Now that we’ve established the core foundations of our application—schemas, parsers, and data-to-text summaries—it’s time to persist data. In a real-world assistant, orders and conversations shouldn’t disappear when the server restarts. They need to be stored reliably so they can be retrieved, analyzed, or continued later.

To achieve this, we’ll use MongoDB as our database and the NestJS Mongoose integration to manage data models and collections.

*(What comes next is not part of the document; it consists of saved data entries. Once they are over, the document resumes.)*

lemma card_edge_gp_set_le_by_remove_leaf:
  assumes IH: "\<And>S'. edge_gp_set (V - {l}) (E - {{l, w}}) S' \<Longrightarrow>
      card S' \<le> card (pendant_edges (V - {l}) (E - {{l, w}}))"
    and S: "edge_gp_set V E S"
  shows "card S \<le> card (pendant_edges V E)"
proof (cases "{l, w} \<in> S")
  case False
  then have "card S \<le> card (pendant_edges (V - {l}) (E - {{l, w}}))"
    using IH edge_gp_set_remove_leaf[OF S, of S] by blast
  then show ?thesis
    using card_pendant_edges_remove_leaf_le by linarith
next
  case True
  show ?thesis
  proof (cases "degree E w = 2")
    case False
    have "finite S"
      using S finite_edges by (auto simp: edge_gp_set_def intro: finite_subset)
    then have "card S = Suc (card (S - {{l, w}}))"
      using card.remove[OF _ True] by simp
    also have "\<dots> \<le> Suc (card (pendant_edges (V - {l}) (E - {{l, w}})))"
      using IH edge_gp_set_remove_leaf[OF S, of "S - {{l, w}}"] by simp
    also have "\<dots> \<le> card (pendant_edges V E)"
      using card_pendant_edges_remove_leaf_less[OF False] by simp
    finally show ?thesis .
  qed (rule card_edge_gp_set_le_if_neighbour_degree_2[OF IH S True])
qed

end
lemma eJpow_bounds:
  assumes K: "kupisch_linear n c" and "s + 2 \<le> n" "1 \<le> t" "t \<le> c s - 1"
  shows "s + c s - 1 < n" "inj_start c (s + c s - 1) < s + t" "s + t \<le> s + c s - 1" "2 \<le> c s"
proof -
  show "2 \<le> c s" using K assms(2) unfolding kupisch_linear_def by simp
  have "s + c s \<le> (n - 1) + c (n - 1)" using kupisch_linear_reach_mono[OF K, of s "n - 1"] assms(2) by simp
  then show "s + c s - 1 < n" using K \<open>2 \<le> c s\<close> unfolding kupisch_linear_def by simp
  have "inj_start c (s + c s - 1) \<le> s" using \<open>2 \<le> c s\<close> by (intro inj_start_least) simp
  then show "inj_start c (s + c s - 1) < s + t" using assms(3) by simp
  show "s + t \<le> s + c s - 1" using assms(4) \<open>2 \<le> c s\<close> by simp
qed

lemma dual_dim_condition_iff:
  assumes K: "kupisch_linear n c" and "s + 2 \<le> n" "1 \<le> t" "t \<le> c s - 1"
  shows "int (dual_dim c (s + c s - 1)) - int (c s) + int t = int (dual_dim c (s + t - 1)) \<longleftrightarrow>
    inj_start c (s + t - 1) = inj_start c (s + c s - 1)"
proof -
  note bounds = eJpow_bounds[OF assms]
  define e where "e = inj_start c (s + c s - 1)"
  define L where "L = inj_start c (s + t - 1)"
  have "0 < c (s + t - 1)"
    using kupisch_linear_pos[OF K, of "s + t - 1"] bounds(1,3) by simp
  then have "L \<le> s + t" unfolding L_def using inj_start_least[of "s + t - 1" "s + t - 1" c] by simp
  moreover have "e \<le> s + c s" using bounds(2,3) unfolding e_def by simp
  moreover have "dual_dim c (s + c s - 1) = s + c s - e"
    using dual_dim_eq[OF K bounds(1)] bounds(4) unfolding e_def by simp
  moreover have "dual_dim c (s + t - 1) = s + t - L"
    using dual_dim_eq[OF K, of "s + t - 1"] bounds assms(3) unfolding L_def by simp
  ultimately show ?thesis unfolding e_def[symmetric] L_def[symmetric] by (auto simp: of_nat_diff)
qed
lemma excess_eventually_le:
  assumes "\<theta> > 0"
  obtains N where "N \<ge> 1" and "\<And>n. n \<ge> N \<Longrightarrow> excess n \<le> real n * \<theta>"
proof -
  obtain N0 where N0: "\<And>n. n \<ge> N0 \<Longrightarrow> norm (v n) / real n < L + \<theta>"
    using order_tendstoD(2)[OF growth_rate, of "L + \<theta>"] assms
    by (auto simp: eventually_sequentially)
  show ?thesis
  proof (rule that[of "max N0 1"])
    fix n assume "n \<ge> max N0 1"
    then show "excess n \<le> real n * \<theta>"
      using N0[of n] by (simp add: excess_def field_simps)
  qed simp
qed

lemma excess_add_le:
  assumes "n \<ge> 1" "m \<ge> 1" "\<delta> \<ge> 0" and defect: "norm (sgn (v n) + sgn (v m)) \<le> 2 - \<delta>"
  shows "excess (n + m) \<le> excess n + excess m - real (min n m) * L * \<delta>"
proof -
  have "real (min n m) * L \<le> min (norm (v n)) (norm (v m))"
  proof -
    have "real (min n m) * L \<le> real k * L" if "k \<in> {n, m}" for k
      using that growth_pos by (auto intro: mult_right_mono)
    then show ?thesis
      using linear_le_norm[of n] linear_le_norm[of m] assms(1,2) by fastforce
  qed
  then have "real (min n m) * L * \<delta> \<le> min (norm (v n)) (norm (v m)) * \<delta>"
    using \<open>\<delta> \<ge> 0\<close> by (rule mult_right_mono)
  then show ?thesis
    using norm_add_index[OF assms(1,2)] norm_add_le_sgn_defect[OF defect]
    by (simp add: excess_def algebra_simps)
qed

lemma excess_progression_le:
  assumes "1 \<le> N" "N \<le> b" "\<delta> \<ge> 0"
    and defect: "\<And>j. j < k \<Longrightarrow> norm (sgn (v (b + j * N)) + sgn (v N)) \<le> 2 - \<delta>"
  shows "excess (b + k * N) \<le> excess b + real k * (excess N - real N * L * \<delta>)"
  using defect
proof (induction k)
  case (Suc k)
  have "excess (b + k * N + N) \<le> excess (b + k * N) + excess N - real N * L * \<delta>"
    using excess_add_le[of "b + k * N" N] Suc.prems[of k] assms(1-3) by (simp add: min.absorb2)
  with Suc show ?case by (simp add: algebra_simps)
qed simp

context
  fixes N :: nat and \<theta> \<delta> :: real
  assumes N_pos: "N \<ge> 1" and excess_le: "\<And>n. n \<ge> N \<Longrightarrow> excess n \<le> real n * \<theta>"
    and \<delta>_pos: "\<delta> > 0" and \<theta>_small: "4 * \<theta> < L * \<delta>"
begin

lemma \<theta>_nonneg: "0 \<le> \<theta>"
proof -
  have "0 \<le> real N * \<theta>"
    using excess_nonneg[OF N_pos] excess_le[of N] by simp
  with N_pos show ?thesis by (simp add: zero_le_mult_iff)
qed

lemma sgn_near_if_comparable:
  assumes "N \<le> s" "s \<le> m" "m \<le> 2 * s"
  shows "2 - \<delta> < norm (sgn (v m) + sgn (v s))"
proof (rule ccontr)
  assume "\<not> ?thesis"
  then have "excess (m + s) \<le> excess m + excess s - real s * L * \<delta>"
    using excess_add_le[of m s \<delta>] assms N_pos \<delta>_pos by (simp add: min.absorb2)
  moreover have "excess m + excess s \<le> 3 * (real s * \<theta>)"
  proof -
    have "real m * \<theta> \<le> (2 * real s) * \<theta>"
      using assms \<theta>_nonneg by (intro mult_right_mono) simp_all
    then show ?thesis
      using excess_le[of m] excess_le[of s] assms by simp
  qed
  moreover have "real s * (3 * \<theta> - L * \<delta>) < 0"
    using assms N_pos \<theta>_small \<theta>_nonneg by (intro mult_pos_neg) simp_all
  moreover have "0 \<le> excess (m + s)"
    using assms N_pos by (intro excess_nonneg) simp
  ultimately show False
    by (simp add: algebra_simps)
qed

lemma sgn_near_on_progression:
  assumes "N \<le> b" "b \<le> 3 * (k * N)" "k \<ge> 1"
  shows "\<exists>j<k. 2 - \<delta> < norm (sgn (v (b + j * N)) + sgn (v N))"
proof (rule ccontr)
  assume "\<not> ?thesis"
  then have "norm (sgn (v (b + j * N)) + sgn (v N)) \<le> 2 - \<delta>" if "j < k" for j
    using that by (simp add: not_less) (meson leD)
  from excess_progression_le[OF N_pos \<open>N \<le> b\<close> less_imp_le[OF \<delta>_pos] this]
  have "excess (b + k * N) \<le> excess b + real k * (excess N - real N * L * \<delta>)" .
  moreover have "excess b \<le> 3 * (real k * real N * \<theta>)"
  proof -
    have "real b * \<theta> \<le> (3 * (real k * real N)) * \<theta>"
      using assms \<theta>_nonneg by (intro mult_right_mono) (simp_all flip: of_nat_mult)
    then show ?thesis
      using excess_le[of b] assms by simp
  qed
  moreover have "real k * excess N \<le> real k * (real N * \<theta>)"
    using excess_le[of N] by (intro mult_left_mono) simp_all
  moreover have "real k * real N * (4 * \<theta> - L * \<delta>) < 0"
    using assms N_pos \<theta>_small by (intro mult_pos_neg) simp_all
  moreover have "0 \<le> excess (b + k * N)"
    using assms N_pos by (intro excess_nonneg) simp
  ultimately show False
    by (simp add: algebra_simps)
qed
(* Let $f,g:\mathbb{R}^n\to\mathbb{R}$ be convex functions, and suppose $\nabla f$ exists and is Lipschitz continuous with constant $L(f)>0$. Let $F=f+g$ and let $x^*$ be an optimal solution of $\min_x F(x)$. Fix $0<\beta\le 1$ and $\mu$ with $\beta/L(f)\le\mu\le 1/L(f)$. Run the following algorithm (Alternating linearization method with skipping step) from $x^0=y^0\in\mathbb{R}^n$ and $\lambda^0$ with $-\lambda^0\in\partial g(y^0)$: for $k=0,1,2,\dots$, 1. $x^{k+1}:=\arg\min_x Q(x,y^k)$, where $Q(x,y^k):=f(x)+g(y^k)-\langle\lambda^k,x-y^k\rangle+\frac{1}{2\mu}\|x-y^k\|_2^2$; 2. if $F(x^{k+1})>Q(x^{k+1},y^k)$, then reset $x^{k+1}:=y^k$; 3. $y^{k+1}:=\arg\min_y Q_f(x^{k+1},y)$, where $Q_f(x,y):=f(x)+\langle\nabla f(x),y-x\rangle+\frac{1}{2\mu}\|y-x\|_2^2+g(y)$; 4. $\lambda^{k+1}:=\nabla f(x^{k+1})-(x^{k+1}-y^{k+1})/\mu$. For $k\ge 1$ let $k_n$ denote the number of iterations among the first $k$ iterations (indices $0,\dots,k-1$) in which the inequality $F(x^{j+1})\le Q(x^{j+1},y^j)$ held in step 2 (i.e., no reset occurred). Then for every $k\ge1$, $$F(y^k)-F(x^* )\le\frac{\|x^0-x^*\|^2}{2\mu(k+k_n)}.$$ Consequently $F(y^k)\to F(x^* )$, and the number of iterations needed to obtain $F(y^k)-F(x^* )\le\epsilon$ is $O(1/\epsilon)$ (specifically, it suffices that $k\ge \frac{L(f)\|x^0-x^*\|^2}{2\beta\epsilon}$).
   Context: $\partial g(y)$ denotes the subdifferential of the convex function $g$ at $y$. All norms are Euclidean norms. *)

theory Defs
  imports "HOL-Analysis.Analysis"
begin

definition subdifferential :: "('a::real_inner \<Rightarrow> real) \<Rightarrow> 'a \<Rightarrow> 'a set" where
  "subdifferential g y = {s. \<forall>z. g z \<ge> g y + s \<bullet> (z - y)}"

definition alm_Q :: "('a::real_inner \<Rightarrow> real) \<Rightarrow> ('a \<Rightarrow> real) \<Rightarrow> real \<Rightarrow> 'a \<Rightarrow> 'a \<Rightarrow> 'a \<Rightarrow> real" where
  "alm_Q f g \<mu> lam x y = f x + g y - lam \<bullet> (x - y) + (1 / (2 * \<mu>)) * (norm (x - y))\<^sup>2"

definition alm_Qf :: "('a::real_inner \<Rightarrow> real) \<Rightarrow> ('a \<Rightarrow> 'a) \<Rightarrow> ('a \<Rightarrow> real) \<Rightarrow> real \<Rightarrow> 'a \<Rightarrow> 'a \<Rightarrow> real" where
  "alm_Qf f gf g \<mu> x y = f x + gf x \<bullet> (y - x) + (1 / (2 * \<mu>)) * (norm (y - x))\<^sup>2 + g y"

end

theory Submission
  imports Defs
begin

text \<open>Both steps of the method are proximal steps on convex models of \<open>F = f + g\<close>, and each
  yields a three-point inequality \<open>2 \<mu> (F z - F p) \<ge> \<parallel>p - z\<parallel>\<^sup>2 - \<parallel>q - z\<parallel>\<^sup>2\<close> from its
  input \<open>q\<close> to its output \<open>p\<close>: for the \<open>y\<close>-step because \<open>\<mu> \<le> 1/L\<close> makes the linearized model an
  upper bound of \<open>f\<close>, for an accepted \<open>x\<close>-step because of the test in step 2; that \<open>-\<lambda>\<^sup>k\<close> is a
  subgradient of \<open>g\<close> at \<open>y\<^sup>k\<close> is the optimality condition of the previous \<open>y\<close>-step.
  Taking \<open>z = x\<^sup>*\<close> and telescoping over the first \<open>k\<close> iterations bounds the sum of the
  \<open>k + k\<^sub>n\<close> gaps of the iterates by \<open>\<parallel>x\<^sup>0 - x\<^sup>*\<parallel>\<^sup>2 / (2 \<mu>)\<close>; taking \<open>z\<close> to be the
  input shows that \<open>F\<close> decreases along the iterates, so every one of these gaps is at least
  \<open>F (y\<^sup>k) - F (x\<^sup>*)\<close>.\<close>

lemma has_real_derivative_along_line:
  fixes f :: "'a::real_inner \<Rightarrow> real"
  assumes "\<And>x. (f has_derivative (\<lambda>h. gf x \<bullet> h)) (at x)"
  shows "((\<lambda>t. f (x + t *\<^sub>R d)) has_real_derivative (gf (x + t *\<^sub>R d) \<bullet> d)) (at t)"
proof -
  have "((\<lambda>t. x + t *\<^sub>R d) has_derivative (\<lambda>h. h *\<^sub>R d)) (at t)"
    by (auto intro!: derivative_eq_intros)
  from has_derivative_compose[OF this assms]
  have "((\<lambda>t. f (x + t *\<^sub>R d)) has_derivative (\<lambda>h. gf (x + t *\<^sub>R d) \<bullet> (h *\<^sub>R d))) (at t)"
    by (simp add: o_def)
  moreover have "(\<lambda>h. gf (x + t *\<^sub>R d) \<bullet> (h *\<^sub>R d)) = (*) (gf (x + t *\<^sub>R d) \<bullet> d)"
    by (auto simp: mult.commute)
  ultimately show ?thesis
    by (simp add: has_field_derivative_def)
qed

lemma convex_on_gradient_inequality:
  fixes f :: "'a::real_inner \<Rightarrow> real"
  assumes cvx: "convex_on UNIV f" and grad: "\<And>x. (f has_derivative (\<lambda>h. gf x \<bullet> h)) (at x)"
  shows "f x + gf x \<bullet> (z - x) \<le> f z"
proof -
  let ?p = "\<lambda>t. f (x + t *\<^sub>R (z - x))"
  have "convex_on UNIV ?p"
  proof (rule convex_onI)
    fix t u s :: real assume "0 < t" "t < 1"
    have "x + ((1 - t) *\<^sub>R u + t *\<^sub>R s) *\<^sub>R (z - x)
        = (1 - t) *\<^sub>R (x + u *\<^sub>R (z - x)) + t *\<^sub>R (x + s *\<^sub>R (z - x))"
      by (simp add: algebra_simps)
    then show "?p ((1 - t) *\<^sub>R u + t *\<^sub>R s) \<le> (1 - t) * ?p u + t * ?p s"
      using convex_onD[OF cvx, of t "x + u *\<^sub>R (z - x)" "x + s *\<^sub>R (z - x)"] \<open>0 < t\<close> \<open>t < 1\<close>
      by simp
  qed simp
  moreover have "(?p has_field_derivative (gf x \<bullet> (z - x))) (at 0 within UNIV)"
    using has_real_derivative_along_line[OF grad, of x "z - x" 0] by simp
  ultimately have "?p 1 - ?p 0 \<ge> (gf x \<bullet> (z - x)) * (1 - 0)"
    by (intro convex_on_imp_above_tangent[where A = UNIV]) auto
  then show ?thesis
    by simp
qed

lemma lipschitz_gradient_upper_bound:
  fixes f :: "'a::real_inner \<Rightarrow> real"
  assumes grad: "\<And>x. (f has_derivative (\<lambda>h. gf x \<bullet> h)) (at x)"
    and lip: "L-lipschitz_on UNIV gf"
  shows "f y \<le> f x + gf x \<bullet> (y - x) + L / 2 * (norm (y - x))\<^sup>2"
proof -
  let ?d = "y - x"
  let ?p = "\<lambda>t. f (x + t *\<^sub>R ?d) - t * (gf x \<bullet> ?d) - L / 2 * t^2 * (norm ?d)\<^sup>2"
  let ?p' = "\<lambda>t. (gf (x + t *\<^sub>R ?d) - gf x) \<bullet> ?d - L * t * (norm ?d)\<^sup>2"
  have deriv: "(?p has_real_derivative ?p' t) (at t)" for t
    by (rule derivative_eq_intros has_real_derivative_along_line[OF grad] refl)+
       (simp add: algebra_simps power2_eq_square inner_diff_left)
  have nonpos: "?p' t \<le> 0" if "0 \<le> t" for t
  proof -
    have "(gf (x + t *\<^sub>R ?d) - gf x) \<bullet> ?d \<le> norm (gf (x + t *\<^sub>R ?d) - gf x) * norm ?d"
      by (rule order_trans[OF _ Cauchy_Schwarz_ineq2]) simp
    also have "\<dots> \<le> L * (t * norm ?d) * norm ?d"
      using lipschitz_onD[OF lip, of "x + t *\<^sub>R ?d" x] that
      by (intro mult_right_mono) (simp_all add: dist_norm)
    finally show ?thesis
      by (simp add: power2_eq_square algebra_simps)
  qed
  have "?p 1 \<le> ?p 0"
  proof (rule DERIV_nonpos_imp_nonincreasing[of 0 1])
    fix t :: real assume "0 \<le> t"
    then show "\<exists>D. (?p has_real_derivative D) (at t) \<and> D \<le> 0"
      using deriv nonpos by blast
  qed simp
  then show ?thesis
    by simp
qed
section \<open>Sign conditions from leading coefficients\<close>

lemma rescaled_tendsto_jet12:
  fixes \<beta> :: "real \<Rightarrow> complex"
  assumes "((\<lambda>\<sigma>. (\<beta> \<sigma> - (of_real \<sigma> * \<beta>1 + of_real \<sigma> ^ 2 * \<beta>2)) / of_real \<sigma> ^ 2)
      \<longlongrightarrow> 0) (at_right 0)"
  shows "((\<lambda>\<sigma>. Re (\<beta> \<sigma>) / \<sigma>) \<longlongrightarrow> Re \<beta>1) (at_right 0)"
    and "((\<lambda>\<sigma>. Im (\<beta> \<sigma>) / \<sigma>) \<longlongrightarrow> Im \<beta>1) (at_right 0)"
    and "Re \<beta>1 = 0 \<Longrightarrow> ((\<lambda>\<sigma>. Re (\<beta> \<sigma>) / \<sigma>\<^sup>2) \<longlongrightarrow> Re \<beta>2) (at_right 0)"
proof -
  define e where "e = (\<lambda>\<sigma>. (\<beta> \<sigma> - (of_real \<sigma> * \<beta>1 + of_real \<sigma> ^ 2 * \<beta>2)) / of_real \<sigma> ^ 2)"
  have e: "(e \<longlongrightarrow> 0) (at_right 0)"
    using assms unfolding e_def .
  have pos: "eventually (\<lambda>\<sigma>. \<sigma> > 0) (at_right (0::real))"
    by (simp add: eventually_at_right_less)
  have "\<beta> \<sigma> = of_real \<sigma> * \<beta>1 + of_real \<sigma> ^ 2 * (\<beta>2 + e \<sigma>)" if "\<sigma> > 0" for \<sigma>
    using that by (simp add: e_def field_simps)
  then have Re_\<beta>: "Re (\<beta> \<sigma>) = \<sigma> * Re \<beta>1 + \<sigma>\<^sup>2 * Re (\<beta>2 + e \<sigma>)"
    and Im_\<beta>: "Im (\<beta> \<sigma>) = \<sigma> * Im \<beta>1 + \<sigma>\<^sup>2 * Im (\<beta>2 + e \<sigma>)" if "\<sigma> > 0" for \<sigma>
    using that by simp_all
  show "((\<lambda>\<sigma>. Re (\<beta> \<sigma>) / \<sigma>) \<longlongrightarrow> Re \<beta>1) (at_right 0)"
  proof (rule Lim_transform_eventually)
    show "((\<lambda>\<sigma>. Re \<beta>1 + \<sigma> * Re (\<beta>2 + e \<sigma>)) \<longlongrightarrow> Re \<beta>1) (at_right 0)"
      by (auto intro!: tendsto_eq_intros e)
    show "eventually (\<lambda>\<sigma>. Re \<beta>1 + \<sigma> * Re (\<beta>2 + e \<sigma>) = Re (\<beta> \<sigma>) / \<sigma>) (at_right 0)"
      using pos by eventually_elim (simp add: Re_\<beta> field_simps power2_eq_square)
  qed
  show "((\<lambda>\<sigma>. Im (\<beta> \<sigma>) / \<sigma>) \<longlongrightarrow> Im \<beta>1) (at_right 0)"
  proof (rule Lim_transform_eventually)
    show "((\<lambda>\<sigma>. Im \<beta>1 + \<sigma> * Im (\<beta>2 + e \<sigma>)) \<longlongrightarrow> Im \<beta>1) (at_right 0)"
      by (auto intro!: tendsto_eq_intros e)
    show "eventually (\<lambda>\<sigma>. Im \<beta>1 + \<sigma> * Im (\<beta>2 + e \<sigma>) = Im (\<beta> \<sigma>) / \<sigma>) (at_right 0)"
      using pos by eventually_elim (simp add: Im_\<beta> field_simps power2_eq_square)
  qed
  show "((\<lambda>\<sigma>. Re (\<beta> \<sigma>) / \<sigma>\<^sup>2) \<longlongrightarrow> Re \<beta>2) (at_right 0)" if "Re \<beta>1 = 0"
  proof (rule Lim_transform_eventually)
    show "((\<lambda>\<sigma>. Re (\<beta>2 + e \<sigma>)) \<longlongrightarrow> Re \<beta>2) (at_right 0)"
      by (auto intro!: tendsto_eq_intros e)
    show "eventually (\<lambda>\<sigma>. Re (\<beta>2 + e \<sigma>) = Re (\<beta> \<sigma>) / \<sigma>\<^sup>2) (at_right 0)"
      using pos by eventually_elim (simp add: Re_\<beta> that)
  qed
qed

Connecting MongoDB to a NestJS Application

In NestJS, the AppModule is the root module of the application. This is where global dependencies—such as database connections—are configured.

@Module({
  imports: [
    MongooseModule.forRoot(process.env.MONGO_URI),
    ChatsModule,
  ],
  controllers: [AppController],
  providers: [AppService],
})
export class AppModule {}

What’s happening here?

  • MongooseModule.forRoot(...) establishes a global MongoDB connection.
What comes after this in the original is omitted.